### Exercise objective
As the answer, give a copy of each line below that includes the word "longleftrightarrow".

-- Opening Marker --

(* Let $(\beta_n),(\gamma_n)$ be sequences of positive real numbers that are non-decreasing, satisfy $\gamma_n\ge\beta_n$ for all $n$ and $\gamma_n-\beta_n\to\infty$. Let $t=(t_n)$ be a sequence of positive real numbers with $T_{\beta\gamma(n)}:=\sum_{k\in[\beta_n,\gamma_n]}t_k\to\infty$ as $n\to\infty$ (the sum being over positive integers $k$ in $[\beta_n,\gamma_n]$). For $\theta\in(0,1]$, say that a sequence $(\hat f_k)$ of fuzzy functions $\hat f_k:[a,b]\to L(\mathbb R)$ belongs to $N^{\theta}_{\beta\gamma}(t)$ (with limit $\hat f:[a,b]\to L(\mathbb R)$) if for every $x\in[a,b]$, $$\frac{1}{T_{\beta\gamma(n)}^{\theta}}\sum_{k\in[\beta_n,\gamma_n]}t_k\,d(\hat f_k(x),\hat f(x))\to 0\quad (n\to\infty).$$ Then: (i) If $(\hat f_k)\in N^{\theta}_{\beta\gamma}(t)$ with limit $\hat f$ and $(\hat g_k)\in N^{\theta}_{\beta\gamma}(t)$ with limit $\hat g$, then $(\hat f_k+\hat g_k)\in N^{\theta}_{\beta\gamma}(t)$ (with limit $\hat f+\hat g$) and $(c\hat f_k)\in N^{\theta}_{\beta\gamma}(t)$ (with limit $c\hat f$) for every $c\in\mathbb R$. (ii) If $0<\theta\le\delta\le1$, then $N^{\theta}_{\beta\gamma}(t)\subseteq N^{\delta}_{\beta\gamma}(t)$; moreover, the inclusion is strict for some $\theta<\delta$.
   Context: $L(\mathbb R)$ denotes the set of fuzzy real numbers: maps $\hat x:\mathbb R\to[0,1]$ that are normal, fuzzy convex, upper semicontinuous, with $\{t:\hat x(t)>0\}$ having compact closure. For $\alpha\in(0,1]$ the $\alpha$-cut is $[\hat x]_\alpha=\{t:\hat x(t)\ge\alpha\}=[(\hat x)^-_\alpha,(\hat x)^+_\alpha]$. The metric on $L(\mathbb R)$ is $d(\hat x,\hat y)=\sup_{0\le\alpha\le1}\max\{|(\hat x)^-_\alpha-(\hat y)^-_\alpha|,|(\hat x)^+_\alpha-(\hat y)^+_\alpha|\}$. Addition and real scalar multiplication of fuzzy numbers are the usual ones (via $\alpha$-cuts). A fuzzy function on $[a,b]$ is a map $[a,b]\to L(\mathbb R)$; operations on fuzzy functions are pointwise. *)

theory Defs
  imports "HOL-Analysis.Analysis"
begin

text \<open>Fuzzy real numbers are represented by their membership functions real => real.\<close>

definition usc_fun :: "(real \<Rightarrow> real) \<Rightarrow> bool" where
  "usc_fun u \<longleftrightarrow> (\<forall>x. \<forall>e>0. \<exists>d>0. \<forall>y. \<bar>y - x\<bar> < d \<longrightarrow> u y < u x + e)"

definition fuzzy_number :: "(real \<Rightarrow> real) \<Rightarrow> bool" where
  "fuzzy_number u \<longleftrightarrow>
     (\<forall>t. 0 \<le> u t \<and> u t \<le> 1) \<and>
     (\<exists>t. u t = 1) \<and>
     (\<forall>x y l. 0 \<le> l \<and> l \<le> 1 \<longrightarrow> min (u x) (u y) \<le> u (l * x + (1 - l) * y)) \<and>
     usc_fun u \<and>
     compact (closure {t. u t > 0})"

definition fcut :: "(real \<Rightarrow> real) \<Rightarrow> real \<Rightarrow> real set" where
  "fcut u a = (if a = 0 then closure {t. u t > 0} else {t. a \<le> u t})"

definition fcut_lo :: "(real \<Rightarrow> real) \<Rightarrow> real \<Rightarrow> real" where
  "fcut_lo u a = Inf (fcut u a)"

definition fcut_hi :: "(real \<Rightarrow> real) \<Rightarrow> real \<Rightarrow> real" where
  "fcut_hi u a = Sup (fcut u a)"

definition fdist :: "(real \<Rightarrow> real) \<Rightarrow> (real \<Rightarrow> real) \<Rightarrow> real" where
  "fdist u v = (SUP a\<in>{0..1}. max \<bar>fcut_lo u a - fcut_lo v a\<bar> \<bar>fcut_hi u a - fcut_hi v a\<bar>)"

definition fadd :: "(real \<Rightarrow> real) \<Rightarrow> (real \<Rightarrow> real) \<Rightarrow> (real \<Rightarrow> real)" where
  "fadd u v = (\<lambda>t. SUP s. min (u s) (v (t - s)))"

definition fscale :: "real \<Rightarrow> (real \<Rightarrow> real) \<Rightarrow> (real \<Rightarrow> real)" where
  "fscale c u = (if c = 0 then (\<lambda>t. if t = 0 then 1 else 0) else (\<lambda>t. u (t / c)))"

definition fuzzy_fun :: "real \<Rightarrow> real \<Rightarrow> (real \<Rightarrow> real \<Rightarrow> real) \<Rightarrow> bool" where
  "fuzzy_fun a b f \<longleftrightarrow> (\<forall>x\<in>{a..b}. fuzzy_number (f x))"

definition bg_idx :: "(nat \<Rightarrow> real) \<Rightarrow> (nat \<Rightarrow> real) \<Rightarrow> nat \<Rightarrow> nat set" where
  "bg_idx \<beta> \<gamma> n = {k. 1 \<le> k \<and> \<beta> n \<le> real k \<and> real k \<le> \<gamma> n}"

definition Tbg :: "(nat \<Rightarrow> real) \<Rightarrow> (nat \<Rightarrow> real) \<Rightarrow> (nat \<Rightarrow> real) \<Rightarrow> nat \<Rightarrow> real" where
  "Tbg \<beta> \<gamma> t n = (\<Sum>k\<in>bg_idx \<beta> \<gamma> n. t k)"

-- Closing Marker --

### The completed task
  "usc_fun u \<longleftrightarrow> (\<forall>x. \<forall>e>0. \<exists>d>0. \<forall>y. \<bar>y - x\<bar> < d \<longrightarrow> u y < u x + e)"
  "fuzzy_number u \<longleftrightarrow>
  "fuzzy_fun a b f \<longleftrightarrow> (\<forall>x\<in>{a..b}. fuzzy_number (f x))"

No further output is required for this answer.